__Exercise__: Show all lines from the records below in which the string "lemma" is present.

__Materials provided__:
text \<open>With \<open>b = \<beta>\<close>, \<open>c = cnj \<beta>\<close> and \<open>R = \<surd>(1 - \<bar>\<beta>\<bar>\<^sup>2)\<close>, the point \<open>c / (1 + R)\<close> is the
  extremal point and \<open>b / (1 + R)\<close> its conjugate.\<close>
lemma extremal_balance_identity:
  fixes b c R l1 l2 :: complex
  assumes "b * c = 1 - R^2" "l1 + l2 = b + c * (l1 * l2)" "1 + R \<noteq> 0"
  shows "(b / (1 + R) - l1) * (1 - l2 * (c / (1 + R)))
       = - (b / (1 + R) - l2) * (1 - l1 * (c / (1 + R)))"
proof -
  define w where "w = 1 + R"
  have "2 * b * w - (l1 + l2) * w^2 - b * c * (l1 + l2) + 2 * (l1 * l2) * c * w
      = 2 * w * (b + c * (l1 * l2)) - (l1 + l2) * (w^2 + b * c)"
    by (simp add: algebra_simps)
  also have "\<dots> = 0"
    unfolding assms(1) assms(2)[symmetric] w_def by (simp add: algebra_simps power2_eq_square)
  finally have num: "2 * b * w - (l1 + l2) * w^2 - b * c * (l1 + l2) + 2 * (l1 * l2) * c * w = 0" .
  have "w \<noteq> 0"
    using assms(3) w_def by simp
  then have "(b / w - l1) * (1 - l2 * (c / w)) + (b / w - l2) * (1 - l1 * (c / w))
      = (2 * b * w - (l1 + l2) * w^2 - b * c * (l1 + l2) + 2 * (l1 * l2) * c * w) / w^2"
    by (simp add: field_simps power2_eq_square)
  then have "(b / w - l1) * (1 - l2 * (c / w)) + (b / w - l2) * (1 - l1 * (c / w)) = 0"
    unfolding num by simp
  then show ?thesis
    unfolding w_def by (metis eq_neg_iff_add_eq_0 minus_mult_left)
qed

lemma extremal_factor_identity:
  fixes b c R s p :: complex
  assumes "b * c = 1 - R^2" "s = b + c * p" "1 + R \<noteq> 0"
  shows "1 - s * (c / (1 + R)) + p * (c / (1 + R))^2
       = (1 - (s * c / 2) / (1 + R)) * (1 - (c / (1 + R)) * (b / (1 + R)))"
proof -
  define w where "w = 1 + R"
  define X where "X = b * c"
  define Y where "Y = c^2 * p"
  have w: "w \<noteq> 0"
    using assms(3) w_def by simp
  have X: "X = (2 - w) * w"
    unfolding X_def w_def assms(1) by (simp add: algebra_simps power2_eq_square)
  have "1 - s * (c / w) + p * (c / w)^2 = (w^2 - X * w - Y * w + Y) / w^2"
    using w assms(2) unfolding X_def Y_def by (simp add: field_simps power2_eq_square)
  also have "\<dots> = ((2 * w - X - Y) * (w^2 - X)) / (2 * w^3)"
    unfolding X using w by (simp add: field_simps power2_eq_square power3_eq_cube)
  also have "\<dots> = (1 - (s * c / 2) / w) * (1 - (c / w) * (b / w))"
    using w assms(2) unfolding X_def Y_def
    by (simp add: field_simps power2_eq_square power3_eq_cube)
  finally show ?thesis
    unfolding w_def .
qed

lemma norm_extremal_point_lt_1:
  assumes "cmod \<beta> < 1"
  shows "cmod (extremal_point \<beta>) < 1"
proof -
  define r where "r = sqrt (1 - (cmod \<beta>)^2)"
  have "0 \<le> r"
    unfolding r_def using one_minus_norm_sq_pos[OF assms] by simp
  have of_real_r: "1 + complex_of_real r = of_real (1 + r)"
    by simp
  have "cmod (extremal_point \<beta>) = cmod \<beta> / (1 + r)"
    unfolding extremal_point_def r_def[symmetric] norm_divide of_real_r norm_of_real
    using \<open>0 \<le> r\<close> by simp
  then show ?thesis
    using assms \<open>0 \<le> r\<close> by (simp add: divide_less_eq)
qed

lemma extremal_point_properties:
  fixes l1 l2 :: complex
  assumes l1: "cmod l1 < 1" and l2: "cmod l2 < 1"
    and \<beta>_def: "\<beta> = symmetrized_beta (l1 + l2) (l1 * l2)"
    and z_def: "z = extremal_point \<beta>"
  shows "cmod z < 1"
    and "pentablock_radius l1 l2 * (1 - (cmod z)^2) = cmod ((1 - l1 * z) * (1 - l2 * z))"
    and "1 - (l1 + l2) * z + (l1 * l2) * z^2
      = (1 - ((l1 + l2) * cnj \<beta> / 2) / (1 + of_real (sqrt (1 - (cmod \<beta>)^2))))
        * of_real (1 - (cmod z)^2)"
proof -
  have \<beta>: "cmod \<beta> < 1"
    unfolding \<beta>_def using l1 l2 by (rule norm_symmetrized_beta_lt_1)
  have decomp: "l1 + l2 = \<beta> + cnj \<beta> * (l1 * l2)"
    unfolding \<beta>_def using l1 l2 by (intro symmetrized_beta_decomposition norm_mult_lt_1)
  show z_lt_1: "cmod z < 1"
    unfolding z_def using \<beta> by (rule norm_extremal_point_lt_1)
  define r where "r = sqrt (1 - (cmod \<beta>)^2)"
  have "0 \<le> r"
    unfolding r_def using one_minus_norm_sq_pos[OF \<beta>] by simp
  have of_real_r: "1 + complex_of_real r = of_real (1 + r)"
    by simp
  have one_plus_r: "1 + complex_of_real r \<noteq> 0"
    unfolding of_real_r of_real_eq_0_iff using \<open>0 \<le> r\<close> by linarith
  have "complex_of_real r ^ 2 = 1 - \<beta> * cnj \<beta>"
    unfolding r_def of_real_power[symmetric] using one_minus_norm_sq_pos[OF \<beta>]
    by (simp add: complex_norm_square[symmetric])
  then have bc: "\<beta> * cnj \<beta> = 1 - (complex_of_real r)^2"
    by simp
  have z: "z = cnj \<beta> / (1 + of_real r)" and cnj_z: "cnj z = \<beta> / (1 + of_real r)"
    unfolding z_def extremal_point_def r_def by simp_all
  have "(cnj z - l1) * (1 - l2 * z) = - (cnj z - l2) * (1 - l1 * z)"
    unfolding cnj_z unfolding z by (rule extremal_balance_identity[OF bc decomp one_plus_r])
  then show "pentablock_radius l1 l2 * (1 - (cmod z)^2) = cmod ((1 - l1 * z) * (1 - l2 * z))"
    using l1 l2 z_lt_1 by (intro pentablock_radius_eq) auto
  have "1 - (l1 + l2) * z + (l1 * l2) * z^2
      = (1 - ((l1 + l2) * cnj \<beta> / 2) / (1 + of_real r)) * (1 - z * cnj z)"
    unfolding cnj_z unfolding z by (rule extremal_factor_identity[OF bc decomp one_plus_r])
  also have "1 - z * cnj z = of_real (1 - (cmod z)^2)"
    unfolding of_real_diff complex_norm_square by simp
  finally show "1 - (l1 + l2) * z + (l1 * l2) * z^2
      = (1 - ((l1 + l2) * cnj \<beta> / 2) / (1 + of_real (sqrt (1 - (cmod \<beta>)^2))))
        * of_real (1 - (cmod z)^2)"
    unfolding r_def .
qed

lemma mem_pentablock_if_frob_sq:
  assumes "frob_sq A < 1 + (cmod (det A))^2" "cmod (det A) < 1"
  shows "pi_map A \<in> pentablock"
  unfolding pentablock_def unit_ball_mat_def using opnorm_lt_1_if_frob_sq[OF assms] by blast

lemma mem_pentablock_if_entries:
  fixes x y a b l1 l2 :: complex
  assumes "cmod l1 < 1" "cmod l2 < 1" "x + y = l1 + l2" "x * y - b * a = l1 * l2"
    and "(cmod x)^2 + (cmod b)^2 + (cmod a)^2 + (cmod y)^2
      < (cmod l1)^2 + (cmod l2)^2 + (1 - (cmod l1)^2) * (1 - (cmod l2)^2)"
  shows "(a, l1 + l2, l1 * l2) \<in> pentablock"
proof -
  define A :: cmat2
    where "A = (\<chi> i j. if i = 1 then (if j = 1 then x else b) else (if j = 1 then a else y))"
  have entries: "A$1$1 = x" "A$1$2 = b" "A$2$1 = a" "A$2$2 = y"
    unfolding A_def by simp_all
  have det: "det A = l1 * l2"
    unfolding det_2 entries using assms(4) by simp
  have "frob_sq A < 1 + (cmod (det A))^2"
    using assms(5) unfolding frob_sq_def entries det
    by (simp add: norm_mult power_mult_distrib algebra_simps)
  moreover have "cmod (det A) < 1"
    unfolding det using assms(1,2) by (rule norm_mult_lt_1)
  ultimately have "pi_map A \<in> pentablock"
    by (rule mem_pentablock_if_frob_sq)
  then show ?thesis
    unfolding pi_map_def entries det assms(3) .
qed

lemma norm_sq_one_minus_cnj_mult:
  "(cmod (1 - cnj l2 * l1))^2 - (1 - (cmod l1)^2) * (1 - (cmod l2)^2) = (cmod (l2 - l1))^2"
  by (rule of_real_eq_iff[where 'a = complex, THEN iffD1])
    (unfold of_real_diff of_real_mult complex_norm_square of_real_1, simp add: algebra_simps)

lemma exists_mult_one_minus_eq:
  fixes k :: real
  assumes "4 * k \<le> 1"
  shows "\<exists>\<theta>. \<theta> * (1 - \<theta>) = k"
proof
  define S where "S = sqrt (1 - 4 * k)"
  have "S^2 = 1 - 4 * k"
    unfolding S_def using assms by simp
  then show "(1 - S) / 2 * (1 - (1 - S) / 2) = k"
    by (simp add: field_simps power2_eq_square)
qed

text \<open>Moving the diagonal \<open>(\<lambda>\<^sub>1, \<lambda>\<^sub>2)\<close> by \<open>\<theta> d\<close> towards each other lowers
  \<open>\<bar>x\<bar>\<^sup>2 + \<bar>y\<bar>\<^sup>2\<close> by \<open>2 k \<bar>d\<bar>\<^sup>2\<close> and raises \<open>x y\<close> by \<open>k d\<^sup>2\<close>, which the off-diagonal
  entry \<open>b\<close> compensates in the determinant.\<close>
lemma shifted_diagonal_entries:
  fixes l1 l2 a :: complex and \<theta> k :: real
  assumes "\<theta> * (1 - \<theta>) = k" "0 \<le> k" "a \<noteq> 0"
  defines "d \<equiv> l2 - l1"
  defines "x \<equiv> l1 + of_real \<theta> * d" and "y \<equiv> l2 - of_real \<theta> * d" and "b \<equiv> of_real k * d^2 / a"
  shows "x * y - b * a = l1 * l2"
    and "(cmod x)^2 + (cmod b)^2 + (cmod a)^2 + (cmod y)^2
      = (cmod l1)^2 + (cmod l2)^2 + (cmod a - k * (cmod d)^2 / cmod a)^2"
proof -
  have "x * y = l1 * l2 + of_real (\<theta> * (1 - \<theta>)) * d^2"
    unfolding x_def y_def d_def by (simp add: algebra_simps power2_eq_square)
  then show "x * y - b * a = l1 * l2"
    using assms(3) by (simp add: assms(1) b_def)
  have "(cmod x)^2 + (cmod y)^2 = (cmod l1)^2 + (cmod l2)^2 - 2 * (k * (cmod d)^2)"
    unfolding x_def y_def d_def assms(1)[symmetric]
    by (rule of_real_eq_iff[where 'a = complex, THEN iffD1])
      (unfold of_real_diff of_real_add of_real_mult complex_norm_square of_real_1,
        simp add: algebra_simps)
  moreover have "cmod b = k * (cmod d)^2 / cmod a"
    unfolding b_def using assms(2) by (simp add: norm_mult norm_divide norm_power)
  then have "(cmod b)^2 = (k * (cmod d)^2 / cmod a)^2"
    by simp
  moreover have "(cmod a - k * (cmod d)^2 / cmod a)^2
      = (cmod a)^2 - 2 * (k * (cmod d)^2) + (k * (cmod d)^2 / cmod a)^2"
    using assms(3) by (simp add: power2_eq_square field_simps)
  ultimately show "(cmod x)^2 + (cmod b)^2 + (cmod a)^2 + (cmod y)^2
      = (cmod l1)^2 + (cmod l2)^2 + (cmod a - k * (cmod d)^2 / cmod a)^2"
    by linarith
qed

lemma radius_excess_bound:
  fixes t c q :: real
  assumes "0 < t" "2 * t < c + q" "0 < q"
  defines "k \<equiv> (t / (c + q))^2"
  shows "4 * k \<le> 1" and "(t - k * (c^2 - q^2) / t)^2 < q^2"
proof -
  have cq: "0 < c + q"
    using assms(1,2) by linarith
  have "t / (c + q) \<le> 1 / 2"
    using assms(2) cq by (simp add: divide_le_eq)
  then have "(t / (c + q))^2 \<le> (1 / 2)^2"
    using assms(1) cq by (intro power_mono) auto
  then show "4 * k \<le> 1"
    unfolding k_def by (simp add: power2_eq_square mult.commute)
  have "k * (c^2 - q^2) / t = t * (c - q) / (c + q)"
    unfolding k_def using assms(1) cq by (simp add: power2_eq_square square_diff_square_factored)
  then have "t - k * (c^2 - q^2) / t = 2 * t * q / (c + q)"
    using cq by (simp add: field_simps)
  moreover have "2 * t * q / (c + q) < q"
    using assms cq by (simp add: divide_less_eq)
  then have "(2 * t * q / (c + q))^2 < q^2"
    using assms(1,3) cq by (intro power_strict_mono) auto
  ultimately show "(t - k * (c^2 - q^2) / t)^2 < q^2"
    by simp
qed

__Result of this task__:
lemma extremal_balance_identity:
lemma extremal_factor_identity:
lemma norm_extremal_point_lt_1:
lemma extremal_point_properties:
lemma mem_pentablock_if_frob_sq:
lemma mem_pentablock_if_entries:
lemma norm_sq_one_minus_cnj_mult:
lemma exists_mult_one_minus_eq:
lemma shifted_diagonal_entries:
lemma radius_excess_bound:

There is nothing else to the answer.